**ASSIGNMENT:** Locate, in the data below, the line that contains "(* Let $(\frac" and the line that contains "nat \<Rightarrow> complex"; reproduce exactly those two lines and every line between them, nothing more.

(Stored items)
____________
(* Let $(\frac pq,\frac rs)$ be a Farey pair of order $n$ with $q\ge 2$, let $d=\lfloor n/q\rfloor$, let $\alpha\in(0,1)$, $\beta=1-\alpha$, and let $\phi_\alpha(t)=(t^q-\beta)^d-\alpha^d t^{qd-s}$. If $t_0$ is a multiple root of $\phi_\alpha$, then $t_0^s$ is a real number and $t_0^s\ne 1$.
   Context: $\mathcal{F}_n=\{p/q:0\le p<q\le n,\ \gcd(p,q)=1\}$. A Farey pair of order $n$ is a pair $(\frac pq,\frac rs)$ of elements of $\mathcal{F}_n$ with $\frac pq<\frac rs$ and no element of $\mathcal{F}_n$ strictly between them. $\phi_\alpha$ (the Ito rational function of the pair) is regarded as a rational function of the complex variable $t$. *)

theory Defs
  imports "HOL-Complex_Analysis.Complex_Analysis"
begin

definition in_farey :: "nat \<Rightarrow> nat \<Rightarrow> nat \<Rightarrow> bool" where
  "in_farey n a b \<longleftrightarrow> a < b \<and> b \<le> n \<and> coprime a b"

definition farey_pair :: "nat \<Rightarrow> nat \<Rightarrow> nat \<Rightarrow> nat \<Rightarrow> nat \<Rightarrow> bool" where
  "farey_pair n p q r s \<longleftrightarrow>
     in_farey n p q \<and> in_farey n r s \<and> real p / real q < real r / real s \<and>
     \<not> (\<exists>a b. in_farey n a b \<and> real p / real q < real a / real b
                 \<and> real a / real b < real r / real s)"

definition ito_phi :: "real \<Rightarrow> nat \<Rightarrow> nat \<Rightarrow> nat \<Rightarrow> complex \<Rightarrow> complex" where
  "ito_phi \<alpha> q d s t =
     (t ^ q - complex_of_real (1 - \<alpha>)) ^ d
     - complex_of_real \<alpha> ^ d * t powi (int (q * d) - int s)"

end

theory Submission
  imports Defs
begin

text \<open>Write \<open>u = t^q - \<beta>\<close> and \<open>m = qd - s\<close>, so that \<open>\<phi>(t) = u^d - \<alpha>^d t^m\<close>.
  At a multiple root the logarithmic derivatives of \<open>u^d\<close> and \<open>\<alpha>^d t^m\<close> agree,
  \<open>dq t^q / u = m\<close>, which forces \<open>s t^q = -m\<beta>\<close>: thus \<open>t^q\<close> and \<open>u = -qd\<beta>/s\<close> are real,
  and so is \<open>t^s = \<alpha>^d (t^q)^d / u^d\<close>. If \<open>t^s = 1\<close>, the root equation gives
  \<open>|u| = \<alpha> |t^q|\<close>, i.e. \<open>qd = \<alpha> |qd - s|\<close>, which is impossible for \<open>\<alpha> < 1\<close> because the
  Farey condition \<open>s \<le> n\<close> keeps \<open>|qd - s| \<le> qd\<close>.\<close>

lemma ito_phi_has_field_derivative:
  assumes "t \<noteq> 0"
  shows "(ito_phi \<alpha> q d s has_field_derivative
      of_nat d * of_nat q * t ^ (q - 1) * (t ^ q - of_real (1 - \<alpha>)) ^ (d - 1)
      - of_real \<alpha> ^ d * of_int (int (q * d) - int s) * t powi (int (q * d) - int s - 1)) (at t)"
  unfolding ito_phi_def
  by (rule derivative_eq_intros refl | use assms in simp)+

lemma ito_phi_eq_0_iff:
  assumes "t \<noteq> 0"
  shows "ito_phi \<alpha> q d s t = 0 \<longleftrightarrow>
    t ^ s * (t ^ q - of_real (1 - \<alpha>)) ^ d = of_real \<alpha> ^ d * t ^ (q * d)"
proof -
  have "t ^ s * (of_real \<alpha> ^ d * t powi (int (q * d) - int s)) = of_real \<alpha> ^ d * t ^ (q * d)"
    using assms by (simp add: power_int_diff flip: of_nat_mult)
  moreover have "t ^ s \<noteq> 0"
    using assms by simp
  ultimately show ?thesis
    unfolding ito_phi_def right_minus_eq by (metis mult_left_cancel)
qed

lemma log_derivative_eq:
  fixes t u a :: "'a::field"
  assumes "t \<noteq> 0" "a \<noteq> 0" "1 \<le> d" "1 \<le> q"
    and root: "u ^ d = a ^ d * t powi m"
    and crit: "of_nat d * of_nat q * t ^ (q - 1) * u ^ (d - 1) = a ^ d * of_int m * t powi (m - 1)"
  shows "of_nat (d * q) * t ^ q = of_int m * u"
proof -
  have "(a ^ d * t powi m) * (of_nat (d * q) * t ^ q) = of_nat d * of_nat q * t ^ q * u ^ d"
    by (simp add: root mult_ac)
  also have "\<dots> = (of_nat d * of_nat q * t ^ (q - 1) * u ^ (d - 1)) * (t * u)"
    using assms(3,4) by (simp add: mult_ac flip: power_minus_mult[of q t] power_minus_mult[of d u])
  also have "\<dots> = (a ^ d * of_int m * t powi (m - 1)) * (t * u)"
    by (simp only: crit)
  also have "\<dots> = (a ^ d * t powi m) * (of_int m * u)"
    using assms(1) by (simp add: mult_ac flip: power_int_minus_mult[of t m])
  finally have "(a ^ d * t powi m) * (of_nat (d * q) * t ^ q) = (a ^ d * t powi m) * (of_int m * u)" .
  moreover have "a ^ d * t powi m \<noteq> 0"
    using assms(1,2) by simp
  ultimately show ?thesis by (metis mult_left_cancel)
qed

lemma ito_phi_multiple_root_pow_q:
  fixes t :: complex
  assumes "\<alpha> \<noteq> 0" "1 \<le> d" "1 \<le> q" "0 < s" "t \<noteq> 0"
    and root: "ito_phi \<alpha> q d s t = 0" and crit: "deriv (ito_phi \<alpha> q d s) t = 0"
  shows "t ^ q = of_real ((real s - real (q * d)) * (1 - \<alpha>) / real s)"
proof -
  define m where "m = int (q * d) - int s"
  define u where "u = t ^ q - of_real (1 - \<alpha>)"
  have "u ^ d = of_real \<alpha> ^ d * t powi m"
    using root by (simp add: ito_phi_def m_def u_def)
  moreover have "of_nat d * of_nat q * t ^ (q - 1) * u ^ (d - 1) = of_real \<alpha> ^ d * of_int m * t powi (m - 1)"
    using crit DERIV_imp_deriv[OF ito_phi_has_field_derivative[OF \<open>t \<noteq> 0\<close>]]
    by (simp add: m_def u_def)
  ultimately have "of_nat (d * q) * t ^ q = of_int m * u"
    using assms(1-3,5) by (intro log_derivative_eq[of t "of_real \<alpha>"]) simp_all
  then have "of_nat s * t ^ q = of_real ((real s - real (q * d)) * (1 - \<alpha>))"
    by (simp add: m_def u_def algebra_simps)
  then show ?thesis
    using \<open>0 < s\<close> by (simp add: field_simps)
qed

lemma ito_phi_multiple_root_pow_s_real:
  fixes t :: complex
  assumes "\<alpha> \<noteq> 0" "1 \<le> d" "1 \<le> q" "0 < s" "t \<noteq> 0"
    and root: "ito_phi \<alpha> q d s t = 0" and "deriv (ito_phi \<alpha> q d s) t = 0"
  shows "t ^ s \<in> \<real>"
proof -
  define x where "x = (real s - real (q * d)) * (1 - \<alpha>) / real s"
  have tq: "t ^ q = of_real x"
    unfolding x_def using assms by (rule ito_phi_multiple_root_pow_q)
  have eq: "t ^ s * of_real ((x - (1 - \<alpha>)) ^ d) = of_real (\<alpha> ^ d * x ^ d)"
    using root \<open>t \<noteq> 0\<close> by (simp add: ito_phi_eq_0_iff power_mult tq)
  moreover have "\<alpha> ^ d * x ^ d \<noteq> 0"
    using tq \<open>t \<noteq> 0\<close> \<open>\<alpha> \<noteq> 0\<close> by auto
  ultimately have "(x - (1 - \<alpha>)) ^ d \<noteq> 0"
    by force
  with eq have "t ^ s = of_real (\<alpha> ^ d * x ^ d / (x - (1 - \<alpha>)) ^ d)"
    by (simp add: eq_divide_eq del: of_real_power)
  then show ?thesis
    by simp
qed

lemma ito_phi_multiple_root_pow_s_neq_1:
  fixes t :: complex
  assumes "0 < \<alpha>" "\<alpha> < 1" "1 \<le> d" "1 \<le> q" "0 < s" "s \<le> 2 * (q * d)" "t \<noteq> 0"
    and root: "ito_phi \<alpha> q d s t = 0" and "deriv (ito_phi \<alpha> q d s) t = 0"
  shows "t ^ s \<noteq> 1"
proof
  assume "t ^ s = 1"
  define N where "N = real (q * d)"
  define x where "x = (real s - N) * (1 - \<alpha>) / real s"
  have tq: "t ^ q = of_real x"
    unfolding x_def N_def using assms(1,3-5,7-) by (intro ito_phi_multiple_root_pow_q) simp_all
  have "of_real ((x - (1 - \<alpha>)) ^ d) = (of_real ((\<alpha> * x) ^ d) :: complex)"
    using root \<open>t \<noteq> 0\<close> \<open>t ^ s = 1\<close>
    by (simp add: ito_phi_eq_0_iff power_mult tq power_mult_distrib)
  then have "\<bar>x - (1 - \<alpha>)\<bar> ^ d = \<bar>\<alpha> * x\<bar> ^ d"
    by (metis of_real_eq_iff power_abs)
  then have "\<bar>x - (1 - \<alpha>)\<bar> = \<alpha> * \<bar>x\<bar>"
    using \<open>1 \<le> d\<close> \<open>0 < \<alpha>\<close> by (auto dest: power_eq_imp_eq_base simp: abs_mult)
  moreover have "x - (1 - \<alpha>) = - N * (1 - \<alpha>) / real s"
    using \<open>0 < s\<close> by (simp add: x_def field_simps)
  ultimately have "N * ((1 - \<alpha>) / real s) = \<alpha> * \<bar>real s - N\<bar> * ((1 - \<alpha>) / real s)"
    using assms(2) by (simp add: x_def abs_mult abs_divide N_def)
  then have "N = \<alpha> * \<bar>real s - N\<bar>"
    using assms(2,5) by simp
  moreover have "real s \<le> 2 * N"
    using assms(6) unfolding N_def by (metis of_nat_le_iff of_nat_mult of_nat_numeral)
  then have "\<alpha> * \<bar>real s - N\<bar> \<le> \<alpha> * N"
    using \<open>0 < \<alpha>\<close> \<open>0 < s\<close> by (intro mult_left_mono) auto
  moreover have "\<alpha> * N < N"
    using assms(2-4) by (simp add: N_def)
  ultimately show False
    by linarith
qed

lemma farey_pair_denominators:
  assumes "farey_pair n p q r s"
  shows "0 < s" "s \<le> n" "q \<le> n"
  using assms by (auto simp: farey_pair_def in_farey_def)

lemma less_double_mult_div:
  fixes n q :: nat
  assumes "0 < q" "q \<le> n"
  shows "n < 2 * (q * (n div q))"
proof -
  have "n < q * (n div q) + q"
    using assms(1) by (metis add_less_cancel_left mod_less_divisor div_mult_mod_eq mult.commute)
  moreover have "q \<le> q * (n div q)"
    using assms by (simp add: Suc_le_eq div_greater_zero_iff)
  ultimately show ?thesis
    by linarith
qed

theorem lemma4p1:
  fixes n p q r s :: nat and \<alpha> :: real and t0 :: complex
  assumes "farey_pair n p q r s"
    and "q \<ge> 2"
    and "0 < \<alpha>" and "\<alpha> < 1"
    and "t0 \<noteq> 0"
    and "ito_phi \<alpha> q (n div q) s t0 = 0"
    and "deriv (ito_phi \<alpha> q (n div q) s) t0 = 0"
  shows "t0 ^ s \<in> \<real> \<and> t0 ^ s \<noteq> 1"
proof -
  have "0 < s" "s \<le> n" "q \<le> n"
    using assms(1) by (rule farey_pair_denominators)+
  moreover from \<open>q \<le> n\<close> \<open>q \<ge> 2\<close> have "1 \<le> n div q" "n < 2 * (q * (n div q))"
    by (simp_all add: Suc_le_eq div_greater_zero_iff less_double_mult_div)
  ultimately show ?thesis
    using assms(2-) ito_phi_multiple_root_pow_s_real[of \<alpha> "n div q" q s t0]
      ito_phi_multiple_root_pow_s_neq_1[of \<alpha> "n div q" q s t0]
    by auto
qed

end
____________
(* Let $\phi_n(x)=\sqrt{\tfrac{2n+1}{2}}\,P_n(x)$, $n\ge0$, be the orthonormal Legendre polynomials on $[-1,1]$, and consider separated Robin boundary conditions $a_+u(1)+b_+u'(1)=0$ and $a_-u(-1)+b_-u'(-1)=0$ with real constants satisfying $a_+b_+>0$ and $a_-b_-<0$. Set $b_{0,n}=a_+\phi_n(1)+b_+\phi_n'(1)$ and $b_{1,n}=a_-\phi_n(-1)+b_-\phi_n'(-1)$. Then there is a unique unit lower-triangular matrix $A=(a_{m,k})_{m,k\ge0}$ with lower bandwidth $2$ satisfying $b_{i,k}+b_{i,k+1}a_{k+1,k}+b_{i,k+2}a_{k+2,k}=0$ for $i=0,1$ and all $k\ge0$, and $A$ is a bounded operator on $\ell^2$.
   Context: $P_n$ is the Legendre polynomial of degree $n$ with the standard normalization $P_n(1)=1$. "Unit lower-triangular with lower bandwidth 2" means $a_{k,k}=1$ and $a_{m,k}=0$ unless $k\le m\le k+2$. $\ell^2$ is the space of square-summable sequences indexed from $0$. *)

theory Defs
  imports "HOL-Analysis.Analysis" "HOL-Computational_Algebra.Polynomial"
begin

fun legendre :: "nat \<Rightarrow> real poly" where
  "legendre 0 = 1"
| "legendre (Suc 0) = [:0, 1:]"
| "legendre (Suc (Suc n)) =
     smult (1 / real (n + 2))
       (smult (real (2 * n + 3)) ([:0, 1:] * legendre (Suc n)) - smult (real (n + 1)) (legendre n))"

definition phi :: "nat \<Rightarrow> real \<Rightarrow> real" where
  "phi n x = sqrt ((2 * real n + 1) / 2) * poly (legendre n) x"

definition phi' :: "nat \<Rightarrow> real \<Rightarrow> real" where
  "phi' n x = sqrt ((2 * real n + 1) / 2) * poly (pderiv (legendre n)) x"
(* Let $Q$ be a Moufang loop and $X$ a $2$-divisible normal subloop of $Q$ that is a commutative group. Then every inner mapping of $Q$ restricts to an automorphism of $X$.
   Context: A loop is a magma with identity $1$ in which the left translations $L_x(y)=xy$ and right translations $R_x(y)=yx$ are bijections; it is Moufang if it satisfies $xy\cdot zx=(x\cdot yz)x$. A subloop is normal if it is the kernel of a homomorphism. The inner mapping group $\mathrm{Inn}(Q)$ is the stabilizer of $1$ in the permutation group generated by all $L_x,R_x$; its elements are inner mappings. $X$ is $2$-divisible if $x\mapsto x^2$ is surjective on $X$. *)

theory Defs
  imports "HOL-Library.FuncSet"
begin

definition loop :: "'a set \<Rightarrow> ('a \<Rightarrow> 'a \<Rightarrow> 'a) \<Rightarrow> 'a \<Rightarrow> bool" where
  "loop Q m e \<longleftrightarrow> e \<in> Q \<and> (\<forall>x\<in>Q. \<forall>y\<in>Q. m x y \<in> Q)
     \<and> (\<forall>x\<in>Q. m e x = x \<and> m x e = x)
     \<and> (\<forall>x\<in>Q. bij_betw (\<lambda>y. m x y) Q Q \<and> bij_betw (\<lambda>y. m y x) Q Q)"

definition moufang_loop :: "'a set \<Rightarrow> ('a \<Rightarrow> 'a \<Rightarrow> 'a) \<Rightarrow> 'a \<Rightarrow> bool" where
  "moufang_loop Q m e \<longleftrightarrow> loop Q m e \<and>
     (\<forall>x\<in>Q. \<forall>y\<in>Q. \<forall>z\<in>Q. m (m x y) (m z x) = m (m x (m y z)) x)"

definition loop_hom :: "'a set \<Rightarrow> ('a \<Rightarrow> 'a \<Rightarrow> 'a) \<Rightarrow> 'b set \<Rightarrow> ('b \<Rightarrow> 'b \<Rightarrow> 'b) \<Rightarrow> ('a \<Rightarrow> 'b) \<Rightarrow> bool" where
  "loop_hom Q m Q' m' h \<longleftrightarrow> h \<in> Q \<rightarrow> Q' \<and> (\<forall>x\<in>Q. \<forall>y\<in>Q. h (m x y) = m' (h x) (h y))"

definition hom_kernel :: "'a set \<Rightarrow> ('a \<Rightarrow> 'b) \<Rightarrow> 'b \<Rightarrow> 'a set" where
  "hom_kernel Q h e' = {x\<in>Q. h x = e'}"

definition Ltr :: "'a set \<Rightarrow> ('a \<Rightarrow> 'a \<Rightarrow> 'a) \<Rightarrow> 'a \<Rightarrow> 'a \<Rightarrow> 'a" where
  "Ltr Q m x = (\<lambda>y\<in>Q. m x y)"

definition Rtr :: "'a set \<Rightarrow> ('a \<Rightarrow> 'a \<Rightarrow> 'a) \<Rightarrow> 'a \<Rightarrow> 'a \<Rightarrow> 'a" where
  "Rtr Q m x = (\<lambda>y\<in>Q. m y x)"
____________
**WRITTEN SOLUTION:**
(* Let $(\frac pq,\frac rs)$ be a Farey pair of order $n$ with $q\ge 2$, let $d=\lfloor n/q\rfloor$, let $\alpha\in(0,1)$, $\beta=1-\alpha$, and let $\phi_\alpha(t)=(t^q-\beta)^d-\alpha^d t^{qd-s}$. If $t_0$ is a multiple root of $\phi_\alpha$, then $t_0^s$ is a real number and $t_0^s\ne 1$.
   Context: $\mathcal{F}_n=\{p/q:0\le p<q\le n,\ \gcd(p,q)=1\}$. A Farey pair of order $n$ is a pair $(\frac pq,\frac rs)$ of elements of $\mathcal{F}_n$ with $\frac pq<\frac rs$ and no element of $\mathcal{F}_n$ strictly between them. $\phi_\alpha$ (the Ito rational function of the pair) is regarded as a rational function of the complex variable $t$. *)

theory Defs
  imports "HOL-Complex_Analysis.Complex_Analysis"
begin

definition in_farey :: "nat \<Rightarrow> nat \<Rightarrow> nat \<Rightarrow> bool" where
  "in_farey n a b \<longleftrightarrow> a < b \<and> b \<le> n \<and> coprime a b"

definition farey_pair :: "nat \<Rightarrow> nat \<Rightarrow> nat \<Rightarrow> nat \<Rightarrow> nat \<Rightarrow> bool" where
  "farey_pair n p q r s \<longleftrightarrow>
     in_farey n p q \<and> in_farey n r s \<and> real p / real q < real r / real s \<and>
     \<not> (\<exists>a b. in_farey n a b \<and> real p / real q < real a / real b
                 \<and> real a / real b < real r / real s)"

definition ito_phi :: "real \<Rightarrow> nat \<Rightarrow> nat \<Rightarrow> nat \<Rightarrow> complex \<Rightarrow> complex" where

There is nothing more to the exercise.